If in capitalistic society a shortage of labor power marks the most intensive activity of industry, in our own case this has been caused by conditions which are unique and unprecedented in capitalist economic experience. Only part of our industry is at work, and yet there is a shortage of labor power felt in the cities and industrial centers. We observe an exodus of laborers from industrial centers, caused by poor living conditions. Those hundreds of skilled laborers whom we are at present lacking for the most elementary and minimal requirements of industry have gone partly to the country, to labor communes, Soviet farms, producers’ associations, while another part, a very considerable one, serves in the army. But the proletariat also leaks away to join the ranks of petty profiteers and barter-traders, we are ashamed and sorry to confess. This fact is being observed and there is no use concealing or denying it. There is also another cause which hurts the industrial life and hinders a systematic organization of work. This is the migration of the workers from place to place in search of better living conditions. All of this, again, is the result of the one fundamental cause—the very critical food situation in the cities and, in general, the hard conditions of life for the industrial proletariat.

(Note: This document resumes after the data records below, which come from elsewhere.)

(* Let $\{\mathbf{x}^k=(\mathbf{x}_{(i)}^k)_i\}$, $\{\mathbf{y}^k=(\mathbf{y}_{(i)}^k)_i\}$, $\{\phi^k\}$ be generated by SONATA in the setting below, and let $\widetilde{\mathbf{x}}_i^k$ be the local minimizers it computes. There is a finite constant $B_2>0$, independent of $k$, such that for all $k\ge0$ and $i=1,\dots,I$, $$\|\widetilde{\mathbf{x}}_i^k-\widehat{\mathbf{x}}_i(\mathbf{x}_{(i)}^k)\|\le B_2\Big(\|\mathbf{y}_{(i)}^k-\bar{\mathbf{y}}_\phi^k\|+\sum_{j=1}^I\|\mathbf{x}_{(j)}^k-\bar{\mathbf{x}}_\phi^k\|\Big),$$ where $\bar{\mathbf{x}}_\phi^k\triangleq\frac1I\sum_{j}\phi_{(j)}^k\mathbf{x}_{(j)}^k$ and $\bar{\mathbf{y}}_\phi^k\triangleq\frac1I\sum_j\phi_{(j)}^k\mathbf{y}_{(j)}^k$.
   Context: Problem: minimize $V(\mathbf{x})\triangleq F(\mathbf{x})+G(\mathbf{x})$, $F=\sum_{i=1}^If_i$, over $\mathbf{x}\in X$, where $X\subseteq\mathbb{R}^m$ is nonempty closed convex; each $f_i:O\to\mathbb{R}$ is $C^1$ on an open set $O\supseteq X$ with $\nabla f_i$ $L_i$-Lipschitz on $X$; $G:O\to\mathbb{R}$ is convex; $V$ is bounded below on $X$. Network: digraphs $G^k=(\{1,\dots,I\},E^k)$, $(j,i)\in E^k$ meaning $j$ can send to $i$, $B$-strongly connected ($\bigcup_{t=k}^{k+B-1}E^t$ strongly connected for every $k$). $\mathbf{A}^k=(a_{ij}^k)$: $a_{ij}^k=0$ if $j\ne i$ and $(j,i)\notin E^k$, $a_{ij}^k\ge\kappa$ if $(j,i)\in E^k$, $a_{ii}^k\ge\kappa$ ($\kappa>0$), nonnegative with $\mathbf{1}^T\mathbf{A}^k=\mathbf{1}^T$. Assumption III.14 on $\widetilde f_i:O\times O\to\mathbb{R}$: $\widetilde f_i(\cdot|\mathbf{x})$ is $\tau_i$-strongly convex on $X$ for all $\mathbf{x}\in X$; $C^1$ on $O$ with $\nabla\widetilde f_i(\mathbf{x}|\mathbf{x})=\nabla f_i(\mathbf{x})$; $\nabla\widetilde f_i(\mathbf{x}|\cdot)$ is $\widetilde L_i$-Lipschitz on $X$. SONATA with step-sizes $\gamma^k\in(0,1]$: initialize $\mathbf{x}_{(i)}^0\in X$, $\phi_{(i)}^0=1$, $\mathbf{y}_{(i)}^0=\nabla f_i(\mathbf{x}_{(i)}^0)$; at iteration $k$, $\widetilde{\mathbf{x}}_i^k=\operatorname{argmin}_{\mathbf{x}\in X}\{\widetilde f_i(\mathbf{x}|\mathbf{x}_{(i)}^k)+(I\mathbf{y}_{(i)}^k-\nabla f_i(\mathbf{x}_{(i)}^k))^T(\mathbf{x}-\mathbf{x}_{(i)}^k)+G(\mathbf{x})\}$, $\mathbf{x}_{(i)}^{k+1/2}=\mathbf{x}_{(i)}^k+\gamma^k(\widetilde{\mathbf{x}}_i^k-\mathbf{x}_{(i)}^k)$, $\phi_{(i)}^{k+1}=\sum_ja_{ij}^k\phi_{(j)}^k$, $\mathbf{x}_{(i)}^{k+1}=\frac{1}{\phi_{(i)}^{k+1}}\sum_ja_{ij}^k\phi_{(j)}^k\mathbf{x}_{(j)}^{k+1/2}$, $\mathbf{y}_{(i)}^{k+1}=\frac{1}{\phi_{(i)}^{k+1}}\sum_ja_{ij}^k\phi_{(j)}^k\mathbf{y}_{(j)}^k+\frac{1}{\phi_{(i)}^{k+1}}(\nabla f_i(\mathbf{x}_{(i)}^{k+1})-\nabla f_i(\mathbf{x}_{(i)}^k))$. The map $\widehat{\mathbf{x}}_i(\mathbf{z})\triangleq\operatorname{argmin}_{\mathbf{x}\in X}\{\widetilde f_i(\mathbf{x}|\mathbf{z})+(\nabla F(\mathbf{z})-\nabla f_i(\mathbf{z}))^T(\mathbf{x}-\mathbf{z})+G(\mathbf{x})\}$ for $\mathbf{z}\in X$. *)

theory Defs
  imports "HOL-Analysis.Analysis"
begin

definition strongly_convex_on :: "real \<Rightarrow> 'a::real_normed_vector set \<Rightarrow> ('a \<Rightarrow> real) \<Rightarrow> bool" where
  "strongly_convex_on tau X h \<longleftrightarrow> tau > 0 \<and>
     (\<forall>x\<in>X. \<forall>y\<in>X. \<forall>t::real. 0 \<le> t \<and> t \<le> 1 \<longrightarrow>
        h ((1 - t) *\<^sub>R x + t *\<^sub>R y) \<le> (1 - t) * h x + t * h y - tau / 2 * t * (1 - t) * (norm (x - y))\<^sup>2)"

definition argmin_on :: "'a set \<Rightarrow> ('a \<Rightarrow> real) \<Rightarrow> 'a" where
  "argmin_on X h = (SOME x. x \<in> X \<and> (\<forall>y\<in>X. h x \<le> h y))"

definition strongly_connected_on :: "nat set \<Rightarrow> (nat \<times> nat) set \<Rightarrow> bool" where
  "strongly_connected_on V E \<longleftrightarrow> (\<forall>i\<in>V. \<forall>j\<in>V. (i, j) \<in> (E \<inter> (V \<times> V))\<^sup>*)"

definition xhat :: "'a::real_inner set \<Rightarrow> nat \<Rightarrow> (nat \<Rightarrow> 'a \<Rightarrow> 'a \<Rightarrow> real) \<Rightarrow> (nat \<Rightarrow> 'a \<Rightarrow> 'a)
    \<Rightarrow> ('a \<Rightarrow> real) \<Rightarrow> nat \<Rightarrow> 'a \<Rightarrow> 'a" where
  "xhat X N ft gradf G i z =
     argmin_on X (\<lambda>w. ft i w z + inner ((\<Sum>j\<in>{1..N}. gradf j z) - gradf i z) (w - z) + G w)"

end

theory Submission
  imports Defs
begin

(* Both xt_i^k and xhat_i(x_i^k) minimize the tau_i-strongly convex surrogate
   ft_i(w | x_i^k) + <c, w - x_i^k> + G(w) over X, for the directions c = N y_i^k - grad f_i(x_i^k)
   and c = grad F(x_i^k) - grad f_i(x_i^k) respectively, and strong convexity makes the minimizer
   (2 / tau_i)-Lipschitz in c.  Since the mixing matrices are column stochastic, SONATA keeps
   sum_j phi_j y_j = sum_j grad f_j(x_j) (gradient tracking), so the difference of the two
   directions is N (y_i - ybar_phi) + sum_j (grad f_j(x_j) - grad f_j(x_i)), and the Lipschitz
   gradients bound the second term by the consensus errors |x_j - xbar_phi|. *)

lemma strongly_convex_onD:
  assumes "strongly_convex_on tau X h" "x \<in> X" "y \<in> X" "0 \<le> t" "t \<le> 1"
  shows "h ((1 - t) *\<^sub>R x + t *\<^sub>R y) \<le> (1 - t) * h x + t * h y - tau / 2 * t * (1 - t) * (norm (x - y))\<^sup>2"
  using assms unfolding strongly_convex_on_def by blast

Finally, some attention must be given to the speech of Lenin, reported in Izvestia, January 29, 1920. Discussing the question whether industry should be administered by a “collegium” or by a single individual clothed with absolute authority, Lenin defended the latter as the only practical method, illustrating his case by reference to the Red Army. The Soviet organization in the army was well enough at first, as a start, but the system of administration has now become “administration by a single individual as the only proper method of work.” He explains this point in the following words:

Administration by “colleges” as the basic type of the organization of the Soviet administration presents in itself something fundamental and necessary for the first stage when it is necessary to build anew. But with the establishing of more stable forms, a transition to practical work is bound up with administration by a single individual, a system which, most of all, assures the best use of human powers and a real and not verbal control of work.

Thus the master pronounces the doom of industrial Sovietism. No cry of, “All power to the Soviets!” comes from his lips now, but only a demand that the individual must be made all-powerful. Lenin the ruler pours scorn upon the vision of Lenin the leader of revolt. His ideal now is that of every industrial despot everywhere. He has no pity for the toiler, but tells his followers that they must “replace the machines which are lacking and those which are being destroyed by the strength of the living laborer.” That means rope haulage instead of railway transportation; it means that, instead of being masters of great machines, the Russian toilers must replace the machines.